Dataset entries
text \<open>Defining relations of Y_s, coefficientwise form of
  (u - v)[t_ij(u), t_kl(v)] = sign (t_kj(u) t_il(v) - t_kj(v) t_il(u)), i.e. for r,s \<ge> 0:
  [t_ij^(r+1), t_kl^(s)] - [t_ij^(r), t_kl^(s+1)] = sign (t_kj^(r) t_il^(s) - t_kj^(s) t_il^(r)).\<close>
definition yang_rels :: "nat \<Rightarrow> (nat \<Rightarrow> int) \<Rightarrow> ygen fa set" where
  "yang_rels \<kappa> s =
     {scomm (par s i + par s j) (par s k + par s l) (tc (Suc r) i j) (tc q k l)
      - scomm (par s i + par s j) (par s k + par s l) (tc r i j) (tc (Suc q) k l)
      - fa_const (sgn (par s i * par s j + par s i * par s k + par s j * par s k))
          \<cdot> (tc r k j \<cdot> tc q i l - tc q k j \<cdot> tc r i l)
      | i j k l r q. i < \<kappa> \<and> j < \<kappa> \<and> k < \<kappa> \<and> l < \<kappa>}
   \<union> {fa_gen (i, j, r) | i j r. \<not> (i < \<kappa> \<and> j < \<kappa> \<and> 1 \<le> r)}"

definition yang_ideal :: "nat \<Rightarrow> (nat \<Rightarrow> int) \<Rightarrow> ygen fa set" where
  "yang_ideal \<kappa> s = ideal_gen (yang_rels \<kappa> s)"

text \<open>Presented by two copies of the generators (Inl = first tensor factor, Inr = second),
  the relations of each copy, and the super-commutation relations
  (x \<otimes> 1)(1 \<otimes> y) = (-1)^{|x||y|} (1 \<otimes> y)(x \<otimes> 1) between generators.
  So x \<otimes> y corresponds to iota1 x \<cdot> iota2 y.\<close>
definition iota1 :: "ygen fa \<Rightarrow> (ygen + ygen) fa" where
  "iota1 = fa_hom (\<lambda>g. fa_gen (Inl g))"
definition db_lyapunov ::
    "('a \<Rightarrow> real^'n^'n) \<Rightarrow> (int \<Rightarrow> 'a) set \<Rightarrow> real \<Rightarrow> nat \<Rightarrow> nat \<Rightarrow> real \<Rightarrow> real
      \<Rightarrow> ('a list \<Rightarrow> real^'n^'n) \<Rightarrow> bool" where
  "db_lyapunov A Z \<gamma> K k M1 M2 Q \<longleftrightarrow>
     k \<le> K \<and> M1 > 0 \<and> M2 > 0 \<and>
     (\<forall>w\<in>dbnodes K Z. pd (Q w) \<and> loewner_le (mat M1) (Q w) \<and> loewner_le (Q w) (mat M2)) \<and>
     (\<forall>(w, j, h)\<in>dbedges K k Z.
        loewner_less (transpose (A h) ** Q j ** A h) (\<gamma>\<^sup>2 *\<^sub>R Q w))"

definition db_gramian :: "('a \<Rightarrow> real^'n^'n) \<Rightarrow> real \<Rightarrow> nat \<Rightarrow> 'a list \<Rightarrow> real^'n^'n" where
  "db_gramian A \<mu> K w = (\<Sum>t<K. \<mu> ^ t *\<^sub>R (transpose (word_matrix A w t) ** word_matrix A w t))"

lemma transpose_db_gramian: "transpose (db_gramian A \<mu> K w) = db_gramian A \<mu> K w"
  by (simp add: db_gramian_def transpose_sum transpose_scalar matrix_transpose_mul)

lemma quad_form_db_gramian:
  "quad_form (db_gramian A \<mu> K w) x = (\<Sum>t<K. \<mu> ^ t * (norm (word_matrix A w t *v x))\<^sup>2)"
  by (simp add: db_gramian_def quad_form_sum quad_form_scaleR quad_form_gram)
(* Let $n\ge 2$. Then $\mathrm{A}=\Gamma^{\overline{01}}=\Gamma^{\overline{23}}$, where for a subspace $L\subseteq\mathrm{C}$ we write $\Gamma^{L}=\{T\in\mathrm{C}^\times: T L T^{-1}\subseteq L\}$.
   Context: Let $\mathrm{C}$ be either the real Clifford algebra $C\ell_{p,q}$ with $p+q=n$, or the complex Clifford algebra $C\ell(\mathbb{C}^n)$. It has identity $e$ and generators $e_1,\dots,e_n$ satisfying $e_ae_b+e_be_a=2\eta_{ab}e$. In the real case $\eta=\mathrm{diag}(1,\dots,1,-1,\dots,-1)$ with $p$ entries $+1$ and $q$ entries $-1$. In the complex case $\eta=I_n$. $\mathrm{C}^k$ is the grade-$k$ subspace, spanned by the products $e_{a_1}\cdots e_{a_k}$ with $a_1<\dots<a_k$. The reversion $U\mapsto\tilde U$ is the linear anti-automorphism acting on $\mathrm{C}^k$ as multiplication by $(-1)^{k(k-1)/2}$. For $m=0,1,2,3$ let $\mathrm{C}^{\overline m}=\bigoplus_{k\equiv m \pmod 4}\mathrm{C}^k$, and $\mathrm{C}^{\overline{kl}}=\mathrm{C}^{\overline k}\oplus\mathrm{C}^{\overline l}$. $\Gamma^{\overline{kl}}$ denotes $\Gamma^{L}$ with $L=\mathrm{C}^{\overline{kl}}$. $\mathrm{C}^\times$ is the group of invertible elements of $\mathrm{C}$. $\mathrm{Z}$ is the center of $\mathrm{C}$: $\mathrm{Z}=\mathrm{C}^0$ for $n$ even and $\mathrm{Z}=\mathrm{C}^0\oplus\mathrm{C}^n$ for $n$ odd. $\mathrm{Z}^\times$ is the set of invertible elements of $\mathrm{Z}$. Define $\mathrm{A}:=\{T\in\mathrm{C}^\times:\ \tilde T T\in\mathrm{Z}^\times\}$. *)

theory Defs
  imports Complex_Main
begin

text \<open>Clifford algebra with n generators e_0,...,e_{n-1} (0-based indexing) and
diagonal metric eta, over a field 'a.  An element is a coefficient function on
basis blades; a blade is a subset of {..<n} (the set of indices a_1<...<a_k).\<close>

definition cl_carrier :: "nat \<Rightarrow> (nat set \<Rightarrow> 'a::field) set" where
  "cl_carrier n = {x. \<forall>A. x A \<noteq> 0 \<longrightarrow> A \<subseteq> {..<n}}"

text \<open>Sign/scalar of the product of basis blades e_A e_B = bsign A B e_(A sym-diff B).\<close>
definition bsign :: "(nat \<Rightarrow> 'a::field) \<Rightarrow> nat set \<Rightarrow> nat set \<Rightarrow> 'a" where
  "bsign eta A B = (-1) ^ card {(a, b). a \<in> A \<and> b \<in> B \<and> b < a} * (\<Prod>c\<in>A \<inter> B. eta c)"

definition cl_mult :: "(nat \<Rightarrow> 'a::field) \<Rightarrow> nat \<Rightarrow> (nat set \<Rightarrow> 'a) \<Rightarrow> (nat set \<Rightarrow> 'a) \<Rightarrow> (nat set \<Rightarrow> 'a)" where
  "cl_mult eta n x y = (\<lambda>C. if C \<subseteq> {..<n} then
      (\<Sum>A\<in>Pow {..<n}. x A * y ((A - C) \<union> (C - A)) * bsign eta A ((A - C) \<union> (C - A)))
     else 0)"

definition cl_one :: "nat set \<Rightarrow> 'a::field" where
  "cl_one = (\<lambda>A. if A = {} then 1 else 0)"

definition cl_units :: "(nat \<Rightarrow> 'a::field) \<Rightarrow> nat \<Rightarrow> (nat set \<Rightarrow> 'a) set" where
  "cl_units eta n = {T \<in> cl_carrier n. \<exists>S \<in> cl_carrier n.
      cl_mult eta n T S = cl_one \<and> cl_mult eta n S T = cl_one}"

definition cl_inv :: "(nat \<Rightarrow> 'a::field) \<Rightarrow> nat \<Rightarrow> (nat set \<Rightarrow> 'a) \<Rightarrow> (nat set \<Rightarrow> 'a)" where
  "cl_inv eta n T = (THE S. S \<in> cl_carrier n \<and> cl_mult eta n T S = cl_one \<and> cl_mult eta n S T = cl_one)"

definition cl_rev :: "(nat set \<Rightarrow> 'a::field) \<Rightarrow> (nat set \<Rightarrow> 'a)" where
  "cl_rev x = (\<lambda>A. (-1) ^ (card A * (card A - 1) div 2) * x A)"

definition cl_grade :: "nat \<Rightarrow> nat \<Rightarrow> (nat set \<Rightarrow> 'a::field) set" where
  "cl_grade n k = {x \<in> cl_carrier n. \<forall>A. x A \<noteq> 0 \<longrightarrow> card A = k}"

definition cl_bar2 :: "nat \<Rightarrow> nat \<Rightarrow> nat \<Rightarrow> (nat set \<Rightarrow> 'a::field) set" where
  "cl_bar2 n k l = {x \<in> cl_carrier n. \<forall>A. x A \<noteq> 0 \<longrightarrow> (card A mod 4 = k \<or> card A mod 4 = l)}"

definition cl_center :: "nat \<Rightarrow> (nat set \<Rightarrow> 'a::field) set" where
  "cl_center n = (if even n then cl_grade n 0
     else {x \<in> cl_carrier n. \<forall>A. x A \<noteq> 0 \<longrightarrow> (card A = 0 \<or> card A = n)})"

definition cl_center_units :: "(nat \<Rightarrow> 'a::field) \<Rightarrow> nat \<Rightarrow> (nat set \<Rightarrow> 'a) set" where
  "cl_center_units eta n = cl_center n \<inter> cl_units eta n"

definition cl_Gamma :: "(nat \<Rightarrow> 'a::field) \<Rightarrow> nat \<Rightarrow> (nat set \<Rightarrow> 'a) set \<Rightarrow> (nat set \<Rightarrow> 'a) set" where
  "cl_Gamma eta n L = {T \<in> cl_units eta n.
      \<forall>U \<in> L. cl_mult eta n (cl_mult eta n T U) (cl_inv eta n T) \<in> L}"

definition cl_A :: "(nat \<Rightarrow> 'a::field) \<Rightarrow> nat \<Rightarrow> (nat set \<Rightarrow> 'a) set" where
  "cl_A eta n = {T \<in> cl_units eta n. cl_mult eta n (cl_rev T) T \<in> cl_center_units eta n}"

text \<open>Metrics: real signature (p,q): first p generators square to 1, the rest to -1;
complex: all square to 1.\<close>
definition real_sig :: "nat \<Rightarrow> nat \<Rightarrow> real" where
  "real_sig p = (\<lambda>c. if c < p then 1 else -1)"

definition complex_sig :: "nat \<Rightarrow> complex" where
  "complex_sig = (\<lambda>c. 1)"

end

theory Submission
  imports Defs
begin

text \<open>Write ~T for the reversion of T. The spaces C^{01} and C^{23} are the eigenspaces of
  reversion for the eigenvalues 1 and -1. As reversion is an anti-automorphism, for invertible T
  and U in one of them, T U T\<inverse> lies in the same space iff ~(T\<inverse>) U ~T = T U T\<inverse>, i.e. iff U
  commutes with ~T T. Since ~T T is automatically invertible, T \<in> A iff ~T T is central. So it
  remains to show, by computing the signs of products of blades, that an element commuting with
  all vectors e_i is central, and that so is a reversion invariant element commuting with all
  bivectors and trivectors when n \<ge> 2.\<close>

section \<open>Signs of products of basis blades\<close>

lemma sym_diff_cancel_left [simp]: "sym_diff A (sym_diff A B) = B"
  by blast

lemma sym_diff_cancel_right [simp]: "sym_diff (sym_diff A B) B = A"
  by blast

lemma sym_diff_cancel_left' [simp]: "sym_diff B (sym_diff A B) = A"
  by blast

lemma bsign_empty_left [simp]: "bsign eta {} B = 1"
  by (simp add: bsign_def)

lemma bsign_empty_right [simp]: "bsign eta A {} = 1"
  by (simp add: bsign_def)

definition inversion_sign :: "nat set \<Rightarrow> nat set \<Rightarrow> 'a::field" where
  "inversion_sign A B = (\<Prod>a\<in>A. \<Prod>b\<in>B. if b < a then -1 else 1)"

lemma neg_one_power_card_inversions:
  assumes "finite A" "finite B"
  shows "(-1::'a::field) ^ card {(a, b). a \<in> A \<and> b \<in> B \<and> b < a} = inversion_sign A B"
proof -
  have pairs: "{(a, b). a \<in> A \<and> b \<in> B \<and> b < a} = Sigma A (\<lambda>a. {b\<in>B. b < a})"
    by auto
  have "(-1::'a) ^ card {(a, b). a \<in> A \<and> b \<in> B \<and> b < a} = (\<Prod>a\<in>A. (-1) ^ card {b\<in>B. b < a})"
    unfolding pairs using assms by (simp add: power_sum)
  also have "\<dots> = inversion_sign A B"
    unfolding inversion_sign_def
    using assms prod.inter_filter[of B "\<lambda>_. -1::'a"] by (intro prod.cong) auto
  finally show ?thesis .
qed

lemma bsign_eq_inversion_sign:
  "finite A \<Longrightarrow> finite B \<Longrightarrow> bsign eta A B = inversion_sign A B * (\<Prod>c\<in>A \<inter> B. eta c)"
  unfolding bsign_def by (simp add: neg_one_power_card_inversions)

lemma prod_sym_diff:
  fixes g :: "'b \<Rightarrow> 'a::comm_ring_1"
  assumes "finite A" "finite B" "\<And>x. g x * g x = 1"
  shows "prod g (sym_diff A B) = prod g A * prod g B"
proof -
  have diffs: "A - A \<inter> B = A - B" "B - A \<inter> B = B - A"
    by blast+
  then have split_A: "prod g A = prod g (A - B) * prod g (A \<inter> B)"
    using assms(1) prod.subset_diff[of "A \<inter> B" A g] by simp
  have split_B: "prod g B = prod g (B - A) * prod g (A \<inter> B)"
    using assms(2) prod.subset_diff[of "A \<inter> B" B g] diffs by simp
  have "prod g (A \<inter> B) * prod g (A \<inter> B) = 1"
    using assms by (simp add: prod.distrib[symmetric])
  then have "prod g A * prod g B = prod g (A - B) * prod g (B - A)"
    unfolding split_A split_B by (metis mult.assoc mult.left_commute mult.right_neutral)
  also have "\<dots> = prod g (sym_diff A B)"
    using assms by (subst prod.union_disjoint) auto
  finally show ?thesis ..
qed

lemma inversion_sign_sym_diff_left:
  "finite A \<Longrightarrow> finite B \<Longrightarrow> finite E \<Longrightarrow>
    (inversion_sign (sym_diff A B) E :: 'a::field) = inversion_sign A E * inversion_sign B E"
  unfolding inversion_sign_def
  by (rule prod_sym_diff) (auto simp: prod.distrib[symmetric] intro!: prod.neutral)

- [Work to complete]: With "square" as the word to match, copy each line of the records that has it.

- [Result of the task]:
text \<open>Metrics: real signature (p,q): first p generators square to 1, the rest to -1;
complex: all square to 1.\<close>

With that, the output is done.